(Jan. 3 2020) – This quick video explains how you configure Kubernetes pods to control Kubernetes itself with raw API calls.
Most users interact with Kubernetes using kubectl. kubectl itself is a sophisticated wrapper for “curl” and communicates with a Kubernetes cluster’s API server. Using the -v flag followed by a number tells kubectl to show the exact call being made to the API server.
Using the -v flag shows information like:
- The method used in the call
- The URL endpoint for the intended resource
- Any headers passed with the request
- Any data being sent in the request in the body
In this video, we’ve illustrated a PATCH request.
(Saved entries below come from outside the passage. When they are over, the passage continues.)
lemma cinner_abs_sq: "cinner (abs_sq S x) y = cinner (S x) (S y)"
  using S unfolding abs_sq_def contraction_def by (simp add: cinner_adj_left)

lemma abs_sq_pow_self_adjoint: "cinner ((abs_sq S ^^ n) x) y = cinner x ((abs_sq S ^^ n) y)"
proof (induction n arbitrary: x y)
  case (Suc n)
  have "cinner ((abs_sq S ^^ Suc n) x) y = cinner ((abs_sq S ^^ n) x) (abs_sq S y)"
    using S unfolding abs_sq_def contraction_def by (simp add: cinner_adj_left cinner_adj_right)
  also have "\<dots> = cinner x ((abs_sq S ^^ Suc n) y)" by (simp add: Suc.IH funpow_swap1)
  finally show ?case .
qed simp

lemma norm_abs_sq_pow_le: "norm ((abs_sq S ^^ n) x) \<le> norm x"
proof (induction n)
  case (Suc n)
  have "norm (abs_sq S y) \<le> norm y" for y
    using contraction_adj[OF S] S unfolding abs_sq_def contraction_def by (meson order.trans)
  then show ?case using Suc.IH order.trans by auto
qed simp

lemma cinner_abs_sq_pow_real: "cinner ((abs_sq S ^^ n) x) x \<in> \<real>"
  by (metis Reals_cnj_iff abs_sq_pow_self_adjoint cinner_commute)

lemma Re_cinner_abs_sq_pow_nonneg: "0 \<le> Re (cinner ((abs_sq S ^^ n) x) x)"
proof -
  have "\<exists>m. n = m + m \<or> n = Suc (m + m)" by presburger
  then obtain m where "n = m + m \<or> n = Suc (m + m)" by blast
  then have "cinner ((abs_sq S ^^ n) x) x = cinner ((abs_sq S ^^ m) x) ((abs_sq S ^^ m) x)
      \<or> cinner ((abs_sq S ^^ n) x) x = cinner (S ((abs_sq S ^^ m) x)) (S ((abs_sq S ^^ m) x))"
  proof
    assume "n = m + m"
    then have "(abs_sq S ^^ n) x = (abs_sq S ^^ m) ((abs_sq S ^^ m) x)" by (simp add: funpow_add)
    then show ?thesis by (simp add: abs_sq_pow_self_adjoint)
  next
    assume "n = Suc (m + m)"
    then have "(abs_sq S ^^ n) x = (abs_sq S ^^ m) (abs_sq S ((abs_sq S ^^ m) x))"
      by (simp only: funpow.simps(2) funpow_add comp_apply funpow_swap1)
    then show ?thesis by (simp add: abs_sq_pow_self_adjoint cinner_abs_sq)
  qed
  then show ?thesis by (auto simp: cinner_self_norm)
qed

lemma Re_cinner_abs_sq_pow_le: "Re (cinner ((abs_sq S ^^ n) x) x) \<le> (norm x)\<^sup>2"
proof -
  have "Re (cinner ((abs_sq S ^^ n) x) x) \<le> norm ((abs_sq S ^^ n) x) * norm x"
    by (rule order_trans[OF complex_Re_le_cmod cinner_cauchy_schwarz])
  also have "\<dots> \<le> norm x * norm x" by (rule mult_right_mono[OF norm_abs_sq_pow_le]) simp
  finally show ?thesis by (simp add: power2_eq_square)
qed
An example scenario for a script like this would be to have a pod update something about itself or even change the number of replicas like we did with 1 way autoscaling, provided the appropriate RBAC permissions have been assigned to the Pod’s Service Account.
Users can construct scripts using this information that allow containers within each pod to send a request to the cluster API server without installing the kubectl client. Command line tools like wget or curl are widely available to most containers running in Kubernetes pods. These scripts also have access to other information about the pod, like the service account and/or certificates, which are used to authenticate requests.
Once the script is developed, users must mount the script to each container in a pod that wants to use it. This can be done at container build time or more dynamically during Kubernetes deployment. We show that scripts like patchme.sh can be loaded to a cluster as a configMap. The configMap is then mounted to one or more containers in a pod as a volume. This makes the script available to any container with a mounted configMap.
Whether called by an initContainer or a Container Lifecycle hook, containers inside the pod can now execute the script and control Kubernetes!